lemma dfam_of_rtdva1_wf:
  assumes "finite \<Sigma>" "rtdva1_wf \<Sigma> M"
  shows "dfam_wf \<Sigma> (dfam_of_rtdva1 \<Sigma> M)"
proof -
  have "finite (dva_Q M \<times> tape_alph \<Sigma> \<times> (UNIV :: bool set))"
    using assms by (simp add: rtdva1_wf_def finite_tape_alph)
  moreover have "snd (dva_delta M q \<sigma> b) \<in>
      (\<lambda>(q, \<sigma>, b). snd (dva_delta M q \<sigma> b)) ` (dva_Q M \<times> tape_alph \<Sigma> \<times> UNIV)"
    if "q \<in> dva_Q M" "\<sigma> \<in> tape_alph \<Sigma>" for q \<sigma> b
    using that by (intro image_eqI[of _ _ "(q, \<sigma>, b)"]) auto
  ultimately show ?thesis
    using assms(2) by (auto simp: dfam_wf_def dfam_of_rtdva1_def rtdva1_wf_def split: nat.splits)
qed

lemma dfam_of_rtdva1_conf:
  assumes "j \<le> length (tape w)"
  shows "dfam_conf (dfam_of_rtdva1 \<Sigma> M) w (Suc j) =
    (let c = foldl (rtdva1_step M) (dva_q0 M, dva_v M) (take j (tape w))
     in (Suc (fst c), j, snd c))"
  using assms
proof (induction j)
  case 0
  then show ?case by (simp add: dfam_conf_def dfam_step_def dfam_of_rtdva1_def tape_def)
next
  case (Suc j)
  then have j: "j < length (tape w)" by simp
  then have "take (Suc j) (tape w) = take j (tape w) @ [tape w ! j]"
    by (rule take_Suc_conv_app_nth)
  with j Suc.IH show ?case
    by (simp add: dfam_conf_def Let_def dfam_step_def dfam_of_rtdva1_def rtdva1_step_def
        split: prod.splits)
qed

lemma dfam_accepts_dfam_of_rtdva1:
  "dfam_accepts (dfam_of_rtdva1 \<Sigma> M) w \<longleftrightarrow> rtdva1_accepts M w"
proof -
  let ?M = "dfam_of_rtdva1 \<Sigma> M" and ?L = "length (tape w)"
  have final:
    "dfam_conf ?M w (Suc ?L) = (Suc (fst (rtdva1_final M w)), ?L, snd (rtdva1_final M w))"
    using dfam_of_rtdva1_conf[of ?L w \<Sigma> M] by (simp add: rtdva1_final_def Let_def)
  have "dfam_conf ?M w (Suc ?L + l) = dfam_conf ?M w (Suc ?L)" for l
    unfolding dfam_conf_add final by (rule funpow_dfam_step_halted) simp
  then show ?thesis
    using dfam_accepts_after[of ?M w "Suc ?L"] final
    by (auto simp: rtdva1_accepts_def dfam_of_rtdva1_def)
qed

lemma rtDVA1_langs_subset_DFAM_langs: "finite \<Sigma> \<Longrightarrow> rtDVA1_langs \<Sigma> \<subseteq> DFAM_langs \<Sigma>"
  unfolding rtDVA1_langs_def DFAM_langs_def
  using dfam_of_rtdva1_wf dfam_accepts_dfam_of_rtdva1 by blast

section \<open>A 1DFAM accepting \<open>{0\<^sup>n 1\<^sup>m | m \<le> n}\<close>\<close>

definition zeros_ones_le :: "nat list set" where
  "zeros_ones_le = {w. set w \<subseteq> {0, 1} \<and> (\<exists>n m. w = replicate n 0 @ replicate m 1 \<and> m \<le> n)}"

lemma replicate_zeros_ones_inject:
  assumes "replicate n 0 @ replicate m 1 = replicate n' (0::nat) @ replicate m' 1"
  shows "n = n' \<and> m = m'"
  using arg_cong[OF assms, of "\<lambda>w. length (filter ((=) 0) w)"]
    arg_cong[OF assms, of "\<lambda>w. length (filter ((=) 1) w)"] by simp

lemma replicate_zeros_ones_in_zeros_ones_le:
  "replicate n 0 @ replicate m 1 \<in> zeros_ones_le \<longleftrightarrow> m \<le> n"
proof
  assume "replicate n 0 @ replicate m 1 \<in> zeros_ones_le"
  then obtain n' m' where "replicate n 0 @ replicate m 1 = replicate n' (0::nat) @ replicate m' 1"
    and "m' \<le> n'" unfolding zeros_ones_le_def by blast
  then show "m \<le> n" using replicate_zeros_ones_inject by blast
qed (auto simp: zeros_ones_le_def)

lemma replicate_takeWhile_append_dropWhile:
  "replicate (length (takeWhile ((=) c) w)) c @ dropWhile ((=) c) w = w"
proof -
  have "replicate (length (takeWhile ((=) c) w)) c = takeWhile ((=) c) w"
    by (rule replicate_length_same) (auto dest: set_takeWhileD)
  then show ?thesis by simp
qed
--
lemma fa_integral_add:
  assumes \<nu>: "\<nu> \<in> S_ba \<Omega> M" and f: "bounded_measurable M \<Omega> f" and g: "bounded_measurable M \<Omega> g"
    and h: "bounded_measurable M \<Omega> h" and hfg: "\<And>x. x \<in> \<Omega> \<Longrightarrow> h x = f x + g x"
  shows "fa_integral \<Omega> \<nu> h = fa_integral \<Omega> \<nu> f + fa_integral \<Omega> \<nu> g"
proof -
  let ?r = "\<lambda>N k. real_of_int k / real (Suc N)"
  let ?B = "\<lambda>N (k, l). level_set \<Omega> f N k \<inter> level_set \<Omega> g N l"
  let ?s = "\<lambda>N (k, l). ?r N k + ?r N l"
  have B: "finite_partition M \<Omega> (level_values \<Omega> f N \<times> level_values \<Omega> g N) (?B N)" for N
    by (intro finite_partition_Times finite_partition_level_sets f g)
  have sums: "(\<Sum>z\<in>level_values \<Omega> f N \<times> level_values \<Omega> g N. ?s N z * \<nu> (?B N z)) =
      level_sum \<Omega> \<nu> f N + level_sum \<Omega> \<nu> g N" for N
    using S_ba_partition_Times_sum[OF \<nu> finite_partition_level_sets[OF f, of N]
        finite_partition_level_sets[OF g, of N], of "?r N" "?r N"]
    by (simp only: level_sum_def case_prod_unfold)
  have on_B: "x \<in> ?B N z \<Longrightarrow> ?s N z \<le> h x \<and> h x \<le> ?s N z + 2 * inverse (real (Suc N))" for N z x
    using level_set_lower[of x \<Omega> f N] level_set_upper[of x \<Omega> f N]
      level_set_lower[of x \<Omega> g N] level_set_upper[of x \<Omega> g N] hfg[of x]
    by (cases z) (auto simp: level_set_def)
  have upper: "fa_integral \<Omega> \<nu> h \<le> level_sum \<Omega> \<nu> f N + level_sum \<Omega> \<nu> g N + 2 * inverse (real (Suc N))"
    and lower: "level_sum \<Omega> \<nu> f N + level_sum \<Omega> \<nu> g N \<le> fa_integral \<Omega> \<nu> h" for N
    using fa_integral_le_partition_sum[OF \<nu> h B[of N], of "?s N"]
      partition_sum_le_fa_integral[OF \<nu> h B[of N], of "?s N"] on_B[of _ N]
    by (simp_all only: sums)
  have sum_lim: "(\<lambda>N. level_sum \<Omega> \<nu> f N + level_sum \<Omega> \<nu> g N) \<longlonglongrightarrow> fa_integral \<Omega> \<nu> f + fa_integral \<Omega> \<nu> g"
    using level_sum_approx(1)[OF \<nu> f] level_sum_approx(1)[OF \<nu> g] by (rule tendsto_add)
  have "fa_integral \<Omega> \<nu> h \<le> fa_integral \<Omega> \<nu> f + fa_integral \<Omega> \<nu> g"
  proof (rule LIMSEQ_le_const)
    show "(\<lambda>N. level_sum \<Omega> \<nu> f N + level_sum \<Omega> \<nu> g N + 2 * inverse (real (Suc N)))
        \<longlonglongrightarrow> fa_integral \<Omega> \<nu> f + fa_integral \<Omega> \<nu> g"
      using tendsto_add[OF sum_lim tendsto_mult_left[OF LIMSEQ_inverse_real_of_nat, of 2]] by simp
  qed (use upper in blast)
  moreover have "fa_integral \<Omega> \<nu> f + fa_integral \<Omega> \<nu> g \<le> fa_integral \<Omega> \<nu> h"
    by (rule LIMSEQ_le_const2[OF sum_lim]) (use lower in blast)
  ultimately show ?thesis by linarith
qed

▶ **Task description**: In the entries above, restate word for word the lines between the one holding "partition_sum_le_fa_integral[OF \<nu> h" and the one holding "by (simp_all only: sums)", inclusive, and nothing besides.

▶ **Exercise result**:
      partition_sum_le_fa_integral[OF \<nu> h B[of N], of "?s N"] on_B[of _ N]
    by (simp_all only: sums)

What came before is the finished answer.